lemma logLip_sup_mat_vec_eq_0:
  fixes A :: "nat \<Rightarrow> nat \<Rightarrow> real"
  assumes p: "1 \<le> p" and m: "1 \<le> m"
    and off: "\<And>k l. k < m \<Longrightarrow> l < m \<Longrightarrow> k \<noteq> l \<Longrightarrow> 0 \<le> A k l"
    and row: "\<And>k. k < m \<Longrightarrow> (\<Sum>l<m. A k l) = 0"
    and col: "\<And>l. l < m \<Longrightarrow> (\<Sum>k<m. A k l) = 0"
  shows "logLip_sup p m (mat_vec m A) = 0"
  unfolding logLip_sup_def
proof (rule antisym)
  let ?D = "{(u, v). u \<in> rvec m \<and> v \<in> rvec m \<and> u \<noteq> v}"
  let ?q = "\<lambda>u v h. (pnorm p m (\<lambda>i. u i - v i + h * (mat_vec m A u i - mat_vec m A v i))
                 / pnorm p m (\<lambda>i. u i - v i) - 1) / h"
  have "Lim (at_right 0) (?q u v) \<le> 0" if "(u, v) \<in> ?D" for u v
  proof -
    have "u \<noteq> v"
      using that by simp
    then obtain i where "u i \<noteq> v i"
      by (meson ext)
    moreover have "i < m"
      using that calculation by (cases "i < m") (auto simp: rvec_def)
    ultimately have i: "i < m" "u i \<noteq> v i" by auto
    show ?thesis
      unfolding mat_vec_diff
      by (rule slope_pnorm_add_mat_vec_nonpos[OF p off row col]) (use pnorm_pos[OF p i(1)] i in auto)
  qed
  then show "(SUP uv\<in>?D. ereal (Lim (at_right 0) (?q (fst uv) (snd uv)))) \<le> 0"
    by (auto intro!: SUP_least)
  define one :: "nat \<Rightarrow> real" where "one i = (if i < m then 1 else 0)" for i
  have "mat_vec m A one = (\<lambda>i. 0)"
    using row by (auto simp: mat_vec_def one_def fun_eq_iff cong: if_cong)
  moreover have "mat_vec m A (\<lambda>i. 0) = (\<lambda>i. 0)"
    by (simp add: mat_vec_def fun_eq_iff)
  moreover have "0 < pnorm p m one"
    using pnorm_pos[OF p, of 0 m one] m by (simp add: one_def)
  ultimately have "Lim (at_right 0) (?q one (\<lambda>i. 0)) = 0"
    by (simp add: tendsto_Lim)
  moreover have "(one, \<lambda>i. 0) \<in> ?D"
    using m by (auto simp: rvec_def one_def fun_eq_iff intro!: exI[of _ 0])
  ultimately show "0 \<le> (SUP uv\<in>?D. ereal (Lim (at_right 0) (?q (fst uv) (snd uv))))"
    by (intro SUP_upper2[of "(one, \<lambda>i. 0)"]) auto
qed

lemma kron_diag_mat_sym:
  assumes "\<And>i j. i < N \<Longrightarrow> j < N \<Longrightarrow> L i j = L j i" "k < N * n" "l < N * n"
  shows "kron n L (diag_mat d) k l = kron n L (diag_mat d) l k"
  using assms less_mult_imp_div_less by (auto simp: kron_def diag_mat_def)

----------------------------------------

● Directions:
Please return exactly the lines from the one containing "using pnorm_pos[OF p, of" through the end of the entries above, adding no other line.

● Task response:
    using pnorm_pos[OF p, of 0 m one] m by (simp add: one_def)
  ultimately have "Lim (at_right 0) (?q one (\<lambda>i. 0)) = 0"
    by (simp add: tendsto_Lim)
  moreover have "(one, \<lambda>i. 0) \<in> ?D"
    using m by (auto simp: rvec_def one_def fun_eq_iff intro!: exI[of _ 0])
  ultimately show "0 \<le> (SUP uv\<in>?D. ereal (Lim (at_right 0) (?q (fst uv) (snd uv))))"
    by (intro SUP_upper2[of "(one, \<lambda>i. 0)"]) auto
qed

lemma kron_diag_mat_sym:
  assumes "\<And>i j. i < N \<Longrightarrow> j < N \<Longrightarrow> L i j = L j i" "k < N * n" "l < N * n"
  shows "kron n L (diag_mat d) k l = kron n L (diag_mat d) l k"
  using assms less_mult_imp_div_less by (auto simp: kron_def diag_mat_def)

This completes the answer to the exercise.